As protesters chanted, “Amazon Prime is Amazon Crime,” onlookers such as Ravi Alagar told the Courier he was “not a fan” of the displacement of the Penn Plaza residents in the first place. “I think this is the double-edged sword with Google, the Bakery Square, etc., I don’t know how people can afford all this.”

The “G” word, gentrification, has been at the beginning of many people’s sentences after watching East Liberty transform from a majority-African American community with urban lifestyle-oriented stores to a boom of high-end apartments, new stores that appeal to the mainstream consumer, and a loss of at least 1,000 African Americans from East Liberty over a period of recent years.

But for Selima Dawson, who’s lived in the East Liberty area since she was 10 years old, she’s not surprised Whole Foods wants the more spacious site down the street. “It’s the nature of the beast,” she said, referring to businesses that see just the financial bottom line.

Taylor told the Courier that if Whole Foods won’t budge on their decision to have a location on the Penn Plaza site, the company should provide financial restitution to the residents who were displaced.

“Many of those residents walked away from there with as little as $800 after living there for 30 years,” he said. “Whole Foods is the reason why we were displaced from Penn Plaza. If they had never entered into anything with LG Realty, ‘Limitless Greed’ Realty, that never would have happened. They have a moral and financial obligation to those people that got displaced.”

Taylor made it a point not to blame the customers of the East Liberty Whole Foods, but, “every consumer should recognize when you are patronizing and giving money to bad players, bad companies and bad neighbors like Whole Foods Amazon East Liberty.”

The current Whole Foods Market store on Centre Avenue occupies 32,500 square feet and has been open since 2002. If Whole Foods continues to honor the lease it signed in April with LG Realty and occupy the location at the Penn Plaza site, it’s not clear what would happen to the Centre Avenue location.

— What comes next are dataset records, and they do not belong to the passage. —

lemma lp_norm_le_sum_abs: assumes "1 \<le> p" shows "lp_norm p v \<le> (\<Sum>i<dim_vec v. \<bar>v $ i\<bar>)"
proof (cases "p = \<infinity>")
  case True then show ?thesis
    by (auto simp: lp_norm_infinity_le_iff sum_nonneg intro!: member_le_sum)
next
  case False
  define q where "q = real_of_ereal p"
  have q: "1 \<le> q" using real_of_ereal_ge_1 assms False q_def by auto
  define T where "T = (\<Sum>i<dim_vec v. \<bar>v $ i\<bar>)"
  show ?thesis
  proof (cases "T = 0")
    case True
    then have "\<forall>i<dim_vec v. \<bar>v $ i\<bar> = 0" unfolding T_def by (subst (asm) sum_nonneg_eq_0_iff) auto
    then show ?thesis using False by (simp add: lp_norm_finite)
  next
    case False
    then have T: "T > 0" unfolding T_def by (simp add: order.not_eq_order_implies_strict sum_nonneg)
    have le_T: "\<bar>v $ i\<bar> \<le> T" if "i < dim_vec v" for i
      unfolding T_def by (rule member_le_sum) (use that in auto)
    \<comment> \<open>\<open>(\<Sum> x\<^sub>i\<^sup>q) \<le> T\<^sup>q\<close> because each \<open>x\<^sub>i / T \<le> 1\<close>, so \<open>(x\<^sub>i / T)\<^sup>q \<le> x\<^sub>i / T\<close>.\<close>
    have "(\<Sum>i<dim_vec v. \<bar>v $ i\<bar> powr q) = (\<Sum>i<dim_vec v. T powr q * (\<bar>v $ i\<bar> / T) powr q)"
      using T by (intro sum.cong) (auto simp: powr_divide)
    also have "\<dots> \<le> (\<Sum>i<dim_vec v. T powr q * (\<bar>v $ i\<bar> / T))"
      using T le_T q by (intro sum_mono mult_left_mono powr_le_self) auto
    also have "\<dots> = T powr q"
      using T by (simp add: sum_distrib_left[symmetric] sum_divide_distrib[symmetric] T_def)
    finally have "(\<Sum>i<dim_vec v. \<bar>v $ i\<bar> powr q) powr (1/q) \<le> (T powr q) powr (1/q)"
      using q by (intro powr_mono2) (auto intro: sum_nonneg)
    also have "\<dots> = T" using q T by (simp add: powr_powr)
    finally show ?thesis using \<open>p \<noteq> \<infinity>\<close> by (simp add: lp_norm_finite q_def T_def)
  qed
qed

lemma convex_powr_combination:
  fixes a b l q :: real
  assumes "0 \<le> a" "0 \<le> b" "0 \<le> l" "l \<le> 1" "1 \<le> q"
  shows "(l * a + (1 - l) * b) powr q \<le> l * a powr q + (1 - l) * b powr q"
proof -
  consider "a = 0" | "b = 0" | "a > 0" "b > 0" using assms(1,2) by (metis le_less)
  then show ?thesis
  proof cases
    case 1
    have "((1 - l) * b) powr q = (1 - l) powr q * b powr q" using assms by (simp add: powr_mult)
    also have "\<dots> \<le> (1 - l) * b powr q"
      using assms powr_le_self[of "1 - l" q] by (intro mult_right_mono) auto
    finally show ?thesis using 1 by simp
  next
    case 2
    have "(l * a) powr q = l powr q * a powr q" using assms by (simp add: powr_mult)
    also have "\<dots> \<le> l * a powr q" using assms powr_le_self[of l q] by (intro mult_right_mono) auto
    finally show ?thesis using 2 by simp
  next
    case 3
    have "(\<lambda>x. x powr q) ((1 - (1 - l)) *\<^sub>R a + (1 - l) *\<^sub>R b)
        \<le> (1 - (1 - l)) * (\<lambda>x. x powr q) a + (1 - l) * (\<lambda>x. x powr q) b"
      by (rule convex_onD[OF powr_convex]) (use assms 3 in auto)
    then show ?thesis by simp
  qed
qed

lemma abs_add_powr_le_convex_split:
  fixes x y a b q :: real
  assumes "0 < a" "0 < b" "1 \<le> q"
  shows "\<bar>x + y\<bar> powr q \<le> (a + b) powr q * (a / (a + b) * (\<bar>x\<bar> / a) powr q + b / (a + b) * (\<bar>y\<bar> / b) powr q)"
proof -
  define l where "l = a / (a + b)"
  have l: "0 \<le> l" "l \<le> 1" "1 - l = b / (a + b)" using assms by (auto simp: l_def field_simps)
  have "(a + b) * (l * (\<bar>x\<bar> / a)) = \<bar>x\<bar>" "(a + b) * ((1 - l) * (\<bar>y\<bar> / b)) = \<bar>y\<bar>"
    using assms by (simp_all add: l(3)) (simp add: l_def)
  then have "(a + b) * (l * (\<bar>x\<bar> / a) + (1 - l) * (\<bar>y\<bar> / b)) = \<bar>x\<bar> + \<bar>y\<bar>"
    by (simp only: distrib_left)
  then have "\<bar>x + y\<bar> \<le> (a + b) * (l * (\<bar>x\<bar> / a) + (1 - l) * (\<bar>y\<bar> / b))"
    by (simp add: abs_triangle_ineq)
  then have "\<bar>x + y\<bar> powr q \<le> ((a + b) * (l * (\<bar>x\<bar> / a) + (1 - l) * (\<bar>y\<bar> / b))) powr q"
    using assms by (intro powr_mono2) auto
  also have "\<dots> = (a + b) powr q * (l * (\<bar>x\<bar> / a) + (1 - l) * (\<bar>y\<bar> / b)) powr q"
    using assms l(1,2) by (intro powr_mult)
  also have "\<dots> \<le> (a + b) powr q * (l * (\<bar>x\<bar> / a) powr q + (1 - l) * (\<bar>y\<bar> / b) powr q)"
    using assms l by (intro mult_left_mono convex_powr_combination) auto
  finally show ?thesis by (metis l(3) l_def)
qed

lemma sum_powr_normalized:
  assumes "p \<noteq> \<infinity>" "1 \<le> p" "lp_norm p v > 0"
  shows "(\<Sum>i<dim_vec v. (\<bar>v $ i\<bar> / lp_norm p v) powr real_of_ereal p) = 1"
proof -
  define q where "q = real_of_ereal p"
  have q: "1 \<le> q" using real_of_ereal_ge_1 assms q_def by auto
  have "lp_norm p v powr q = (\<Sum>i<dim_vec v. \<bar>v $ i\<bar> powr q)"
    using assms q by (simp add: lp_norm_finite q_def[symmetric] powr_powr sum_nonneg)
  moreover have "lp_norm p v powr q > 0" using assms by simp
  ultimately show ?thesis
    using assms by (simp add: q_def[symmetric] powr_divide sum_divide_distrib[symmetric])
qed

Taylor told the Courier he has not been able to speak with Whole Foods Market officials. He said he is not calling for a boycott of Whole Foods—yet.

When LG Realty displaced the Penn Plaza residents, Whole Foods “made people feel as though they were on the side of the people” by backing out of the deal, said Penn Hills resident Lorraine Penn. “But now they’re going to go ahead with it, no one’s forgotten that. Housing is important. Community is important. So no, I don’t agree with it,” she told the Courier.

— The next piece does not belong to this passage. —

(* Let $\odot$ be a non-degenerate pseudo-multiplication and let $\tau$ be a $\sigma$-maxitive measure on a $\sigma$-algebra $\mathcal{B}$ on a nonempty set $E$ having the Radon–Nikodym property with respect to the idempotent $\odot$-integral. Then $\tau$ has no $\odot$-spot. That is, there is no $B_0\in\mathcal{B}$ such that $\tau(B_0)$ is $\odot$-infinite and, for every $A\in\mathcal{B}$ with $A\subset B_0$, $\tau(A)$ is either $0$ or $\odot$-infinite.
   Context: Write $\overline{\mathbb{R}}_+=[0,\infty]$. A pseudo-multiplication is a binary operation $\odot$ on $\overline{\mathbb{R}}_+$ with the following properties: - it is associative; - it is continuous on $(0,\infty)\times[0,\infty]$; - for every $t$, the map $s\mapsto s\odot t$ is continuous on $(0,\infty]$; - it is nondecreasing in each argument; - it has a left identity $1_\odot$, i.e. $1_\odot\odot t=t$ for all $t$; - it has no zero divisors, i.e. $s\odot t=0$ implies $s=0$ or $t=0$; - $0\odot t=t\odot 0=0$ for all $t$. Put $O(t)=\inf_{s>0}s\odot t$. An element $t$ is $\odot$-finite if $O(t)=0$, and $\odot$-infinite otherwise. The operation $\odot$ is non-degenerate if $1_\odot$ is $\odot$-finite. A $\sigma$-maxitive measure on $\mathcal{B}$ is a map $\nu:\mathcal{B}\to\overline{\mathbb{R}}_+$ with $\nu(\emptyset)=0$ and $\nu(\bigcup_j B_j)=\sup_j\nu(B_j)$ for every countable family. A map $f:E\to\overline{\mathbb{R}}_+$ is $\mathcal{B}$-measurable if $\{f>t\}\in\mathcal{B}$ for all $t\in[0,\infty)$. The idempotent $\odot$-integral is $\int^\infty_B f\odot d\tau=\sup_{t\in[0,\infty)}t\odot\tau(B\cap\{f>t\})$. $\nu\ll_\odot\tau$ means $\nu(B)\le\infty\odot\tau(B)$ for every $B\in\mathcal{B}$ with $\tau(B)$ $\odot$-finite. $\tau$ has the Radon–Nikodym property if every $\sigma$-maxitive $\nu\ll_\odot\tau$ admits a $\mathcal{B}$-measurable $c:E\to\overline{\mathbb{R}}_+$ with $\nu(B)=\int^\infty_B c\odot d\tau$ for all $B\in\mathcal{B}$. *)

theory Defs
  imports "HOL-Analysis.Analysis"
begin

LG Realty said that the new development would actually bring more money into the fold to build affordable housing near the Penn Plaza site, and the company committed putting $1 million into improving Enright Park, which sits near the site.

But for Penn, the money for new affordable housing, estimated in the millions over time, still wasn’t worth the bulldozers that ultimately demolished the longstanding Penn Plaza buildings.

“I never see them displacing people out of Bloomfield and Garfield,” Penn said. “I never see that.”